Exercise details →
What you return must be an exact copy of the lines in the listing below between the line holding "((Gate U, l)" and the line holding "snd (snd (meas_list", inclusive, and nothing more.

Data for processing →

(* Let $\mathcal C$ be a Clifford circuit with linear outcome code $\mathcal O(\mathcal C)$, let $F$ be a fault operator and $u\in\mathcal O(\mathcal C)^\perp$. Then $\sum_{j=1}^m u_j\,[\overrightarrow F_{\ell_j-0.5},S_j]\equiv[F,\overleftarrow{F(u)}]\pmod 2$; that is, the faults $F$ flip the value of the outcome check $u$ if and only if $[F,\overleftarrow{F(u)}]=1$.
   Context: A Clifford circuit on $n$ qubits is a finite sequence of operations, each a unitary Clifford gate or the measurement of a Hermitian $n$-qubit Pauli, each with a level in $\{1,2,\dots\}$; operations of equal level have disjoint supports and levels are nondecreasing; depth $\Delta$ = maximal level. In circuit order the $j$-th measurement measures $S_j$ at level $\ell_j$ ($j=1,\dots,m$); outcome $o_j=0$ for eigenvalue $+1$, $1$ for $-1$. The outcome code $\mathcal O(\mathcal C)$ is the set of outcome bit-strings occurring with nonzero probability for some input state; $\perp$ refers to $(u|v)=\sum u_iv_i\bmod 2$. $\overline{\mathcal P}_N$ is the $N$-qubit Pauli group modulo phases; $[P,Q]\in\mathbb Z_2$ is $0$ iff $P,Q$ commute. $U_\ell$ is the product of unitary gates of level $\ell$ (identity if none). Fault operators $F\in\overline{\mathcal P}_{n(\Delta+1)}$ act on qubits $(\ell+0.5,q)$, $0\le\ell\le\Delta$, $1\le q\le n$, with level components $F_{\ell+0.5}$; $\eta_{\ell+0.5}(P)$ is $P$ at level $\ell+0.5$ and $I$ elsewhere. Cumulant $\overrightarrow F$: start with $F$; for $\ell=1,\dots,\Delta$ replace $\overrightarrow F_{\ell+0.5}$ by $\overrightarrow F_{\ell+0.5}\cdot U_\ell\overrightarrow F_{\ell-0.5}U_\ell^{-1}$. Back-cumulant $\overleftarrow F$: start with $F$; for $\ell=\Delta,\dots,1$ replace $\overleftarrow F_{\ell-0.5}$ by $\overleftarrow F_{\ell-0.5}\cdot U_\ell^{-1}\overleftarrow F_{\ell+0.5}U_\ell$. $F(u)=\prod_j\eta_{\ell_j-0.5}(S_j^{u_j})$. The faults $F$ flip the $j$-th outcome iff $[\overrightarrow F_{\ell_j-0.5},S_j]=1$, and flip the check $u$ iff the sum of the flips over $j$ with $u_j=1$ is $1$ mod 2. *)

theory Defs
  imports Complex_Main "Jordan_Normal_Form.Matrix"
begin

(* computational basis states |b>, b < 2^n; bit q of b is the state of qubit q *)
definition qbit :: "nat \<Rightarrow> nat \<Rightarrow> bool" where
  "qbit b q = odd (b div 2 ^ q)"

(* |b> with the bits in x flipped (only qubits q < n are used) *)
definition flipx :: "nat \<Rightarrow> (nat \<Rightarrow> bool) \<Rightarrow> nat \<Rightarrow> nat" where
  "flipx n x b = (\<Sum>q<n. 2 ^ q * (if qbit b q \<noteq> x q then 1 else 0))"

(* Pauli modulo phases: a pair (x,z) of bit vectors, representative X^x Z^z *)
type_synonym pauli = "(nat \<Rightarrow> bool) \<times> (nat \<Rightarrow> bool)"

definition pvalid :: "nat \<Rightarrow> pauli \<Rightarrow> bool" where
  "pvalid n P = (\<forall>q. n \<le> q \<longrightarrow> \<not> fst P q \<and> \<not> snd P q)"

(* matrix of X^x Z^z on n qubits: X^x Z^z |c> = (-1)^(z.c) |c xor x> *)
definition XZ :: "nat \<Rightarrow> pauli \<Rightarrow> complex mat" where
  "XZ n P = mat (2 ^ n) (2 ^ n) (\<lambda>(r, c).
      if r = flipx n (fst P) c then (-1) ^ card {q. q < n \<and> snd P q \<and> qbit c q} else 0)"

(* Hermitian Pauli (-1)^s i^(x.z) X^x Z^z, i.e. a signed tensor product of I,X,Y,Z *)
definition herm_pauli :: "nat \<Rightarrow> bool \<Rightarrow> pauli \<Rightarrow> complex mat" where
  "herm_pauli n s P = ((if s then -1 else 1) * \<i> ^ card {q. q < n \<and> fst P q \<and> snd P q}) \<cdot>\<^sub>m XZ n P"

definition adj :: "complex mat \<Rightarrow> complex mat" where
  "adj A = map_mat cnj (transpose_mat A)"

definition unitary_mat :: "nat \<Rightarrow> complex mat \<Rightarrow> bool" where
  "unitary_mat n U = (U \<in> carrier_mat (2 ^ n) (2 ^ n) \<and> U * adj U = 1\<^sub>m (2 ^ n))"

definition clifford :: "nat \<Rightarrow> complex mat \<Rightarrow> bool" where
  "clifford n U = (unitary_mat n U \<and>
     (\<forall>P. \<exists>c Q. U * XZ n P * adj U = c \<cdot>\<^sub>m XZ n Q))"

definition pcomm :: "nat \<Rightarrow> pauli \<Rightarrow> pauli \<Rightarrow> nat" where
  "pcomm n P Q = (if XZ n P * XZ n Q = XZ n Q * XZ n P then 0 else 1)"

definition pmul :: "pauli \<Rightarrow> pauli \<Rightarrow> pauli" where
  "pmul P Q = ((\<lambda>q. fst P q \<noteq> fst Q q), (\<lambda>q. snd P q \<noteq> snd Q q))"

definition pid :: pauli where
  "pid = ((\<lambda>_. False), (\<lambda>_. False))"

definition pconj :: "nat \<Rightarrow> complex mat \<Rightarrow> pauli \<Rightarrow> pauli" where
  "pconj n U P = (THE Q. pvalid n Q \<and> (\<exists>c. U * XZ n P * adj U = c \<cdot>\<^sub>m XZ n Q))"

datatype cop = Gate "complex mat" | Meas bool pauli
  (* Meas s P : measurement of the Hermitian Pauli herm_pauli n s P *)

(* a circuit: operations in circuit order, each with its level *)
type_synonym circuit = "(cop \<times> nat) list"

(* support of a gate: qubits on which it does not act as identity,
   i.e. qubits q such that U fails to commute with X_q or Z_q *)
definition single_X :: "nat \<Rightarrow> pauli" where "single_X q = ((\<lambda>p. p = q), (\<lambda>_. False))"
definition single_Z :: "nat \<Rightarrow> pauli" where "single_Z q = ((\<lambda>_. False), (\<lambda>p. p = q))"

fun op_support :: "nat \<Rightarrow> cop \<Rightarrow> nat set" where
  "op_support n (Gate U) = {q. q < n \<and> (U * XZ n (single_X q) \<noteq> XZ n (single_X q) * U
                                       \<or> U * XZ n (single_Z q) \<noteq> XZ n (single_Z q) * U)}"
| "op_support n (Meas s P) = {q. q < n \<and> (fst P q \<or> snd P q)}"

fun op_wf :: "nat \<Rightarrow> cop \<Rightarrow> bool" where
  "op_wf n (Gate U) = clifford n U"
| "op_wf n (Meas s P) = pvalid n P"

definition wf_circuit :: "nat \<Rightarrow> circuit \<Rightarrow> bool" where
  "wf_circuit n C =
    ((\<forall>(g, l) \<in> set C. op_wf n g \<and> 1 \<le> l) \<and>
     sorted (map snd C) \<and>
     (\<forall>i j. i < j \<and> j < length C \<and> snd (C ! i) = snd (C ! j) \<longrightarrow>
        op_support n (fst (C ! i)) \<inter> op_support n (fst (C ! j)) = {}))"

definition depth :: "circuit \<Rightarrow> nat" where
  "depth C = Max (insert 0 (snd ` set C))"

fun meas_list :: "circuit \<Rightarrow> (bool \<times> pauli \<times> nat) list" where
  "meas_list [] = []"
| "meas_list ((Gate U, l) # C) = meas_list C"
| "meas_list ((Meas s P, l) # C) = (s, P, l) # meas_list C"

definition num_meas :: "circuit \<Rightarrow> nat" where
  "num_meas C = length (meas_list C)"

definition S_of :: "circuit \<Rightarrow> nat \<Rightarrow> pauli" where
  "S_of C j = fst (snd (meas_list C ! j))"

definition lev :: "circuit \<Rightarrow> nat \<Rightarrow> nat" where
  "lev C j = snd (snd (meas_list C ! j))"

==

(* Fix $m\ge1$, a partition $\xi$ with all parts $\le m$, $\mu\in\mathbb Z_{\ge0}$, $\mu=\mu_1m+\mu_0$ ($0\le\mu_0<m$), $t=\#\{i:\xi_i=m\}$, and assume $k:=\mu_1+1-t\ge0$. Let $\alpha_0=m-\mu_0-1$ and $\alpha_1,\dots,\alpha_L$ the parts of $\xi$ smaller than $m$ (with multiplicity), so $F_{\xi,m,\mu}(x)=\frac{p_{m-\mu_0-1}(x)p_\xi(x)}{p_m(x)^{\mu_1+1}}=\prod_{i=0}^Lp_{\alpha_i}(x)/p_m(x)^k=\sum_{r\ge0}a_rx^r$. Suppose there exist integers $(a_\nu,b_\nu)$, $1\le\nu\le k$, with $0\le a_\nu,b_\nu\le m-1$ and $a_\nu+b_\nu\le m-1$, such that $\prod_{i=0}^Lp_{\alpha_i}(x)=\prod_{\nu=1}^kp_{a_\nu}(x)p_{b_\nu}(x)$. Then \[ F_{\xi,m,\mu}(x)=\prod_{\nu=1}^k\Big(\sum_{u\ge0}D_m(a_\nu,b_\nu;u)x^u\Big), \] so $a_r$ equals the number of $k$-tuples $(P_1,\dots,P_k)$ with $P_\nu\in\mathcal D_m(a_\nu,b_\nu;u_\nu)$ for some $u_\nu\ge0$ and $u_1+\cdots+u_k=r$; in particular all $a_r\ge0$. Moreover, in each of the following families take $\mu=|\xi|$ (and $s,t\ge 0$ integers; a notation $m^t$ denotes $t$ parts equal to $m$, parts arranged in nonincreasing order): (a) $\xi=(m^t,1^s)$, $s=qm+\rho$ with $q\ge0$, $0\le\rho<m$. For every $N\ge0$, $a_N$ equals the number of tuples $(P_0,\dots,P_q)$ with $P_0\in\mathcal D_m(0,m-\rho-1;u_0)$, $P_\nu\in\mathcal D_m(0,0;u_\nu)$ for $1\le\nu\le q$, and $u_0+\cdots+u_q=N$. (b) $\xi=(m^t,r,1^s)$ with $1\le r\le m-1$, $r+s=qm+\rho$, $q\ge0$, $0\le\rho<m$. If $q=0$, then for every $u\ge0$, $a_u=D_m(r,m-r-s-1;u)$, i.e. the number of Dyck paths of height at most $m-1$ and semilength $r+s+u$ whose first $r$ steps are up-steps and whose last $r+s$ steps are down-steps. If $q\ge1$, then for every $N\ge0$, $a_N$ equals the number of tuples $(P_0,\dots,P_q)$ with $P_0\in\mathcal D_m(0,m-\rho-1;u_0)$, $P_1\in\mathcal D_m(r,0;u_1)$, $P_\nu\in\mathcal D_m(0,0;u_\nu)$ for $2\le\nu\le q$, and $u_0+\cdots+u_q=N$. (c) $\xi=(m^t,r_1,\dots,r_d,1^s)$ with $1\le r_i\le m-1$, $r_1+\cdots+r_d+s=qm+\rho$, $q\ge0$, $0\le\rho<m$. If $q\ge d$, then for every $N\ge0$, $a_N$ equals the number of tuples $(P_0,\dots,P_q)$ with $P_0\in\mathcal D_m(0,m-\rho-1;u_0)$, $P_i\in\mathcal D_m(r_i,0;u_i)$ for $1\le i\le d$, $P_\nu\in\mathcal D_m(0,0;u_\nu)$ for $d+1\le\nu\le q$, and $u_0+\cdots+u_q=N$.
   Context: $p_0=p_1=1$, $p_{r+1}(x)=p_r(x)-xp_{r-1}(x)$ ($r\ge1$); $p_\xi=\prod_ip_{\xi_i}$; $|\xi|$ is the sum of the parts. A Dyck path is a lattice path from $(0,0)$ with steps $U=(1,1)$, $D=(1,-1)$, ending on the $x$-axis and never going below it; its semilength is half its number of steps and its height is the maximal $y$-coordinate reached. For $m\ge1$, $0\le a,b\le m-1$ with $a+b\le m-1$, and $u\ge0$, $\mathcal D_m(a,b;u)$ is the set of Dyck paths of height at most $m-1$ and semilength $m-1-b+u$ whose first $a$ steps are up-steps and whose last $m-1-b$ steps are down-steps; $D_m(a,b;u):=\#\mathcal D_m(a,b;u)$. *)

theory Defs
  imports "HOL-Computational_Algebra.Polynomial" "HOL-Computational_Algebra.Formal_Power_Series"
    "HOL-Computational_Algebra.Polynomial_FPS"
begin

Finished exercise →
| "meas_list ((Gate U, l) # C) = meas_list C"
| "meas_list ((Meas s P, l) # C) = (s, P, l) # meas_list C"

definition num_meas :: "circuit \<Rightarrow> nat" where
  "num_meas C = length (meas_list C)"

definition S_of :: "circuit \<Rightarrow> nat \<Rightarrow> pauli" where
  "S_of C j = fst (snd (meas_list C ! j))"

definition lev :: "circuit \<Rightarrow> nat \<Rightarrow> nat" where
  "lev C j = snd (snd (meas_list C ! j))"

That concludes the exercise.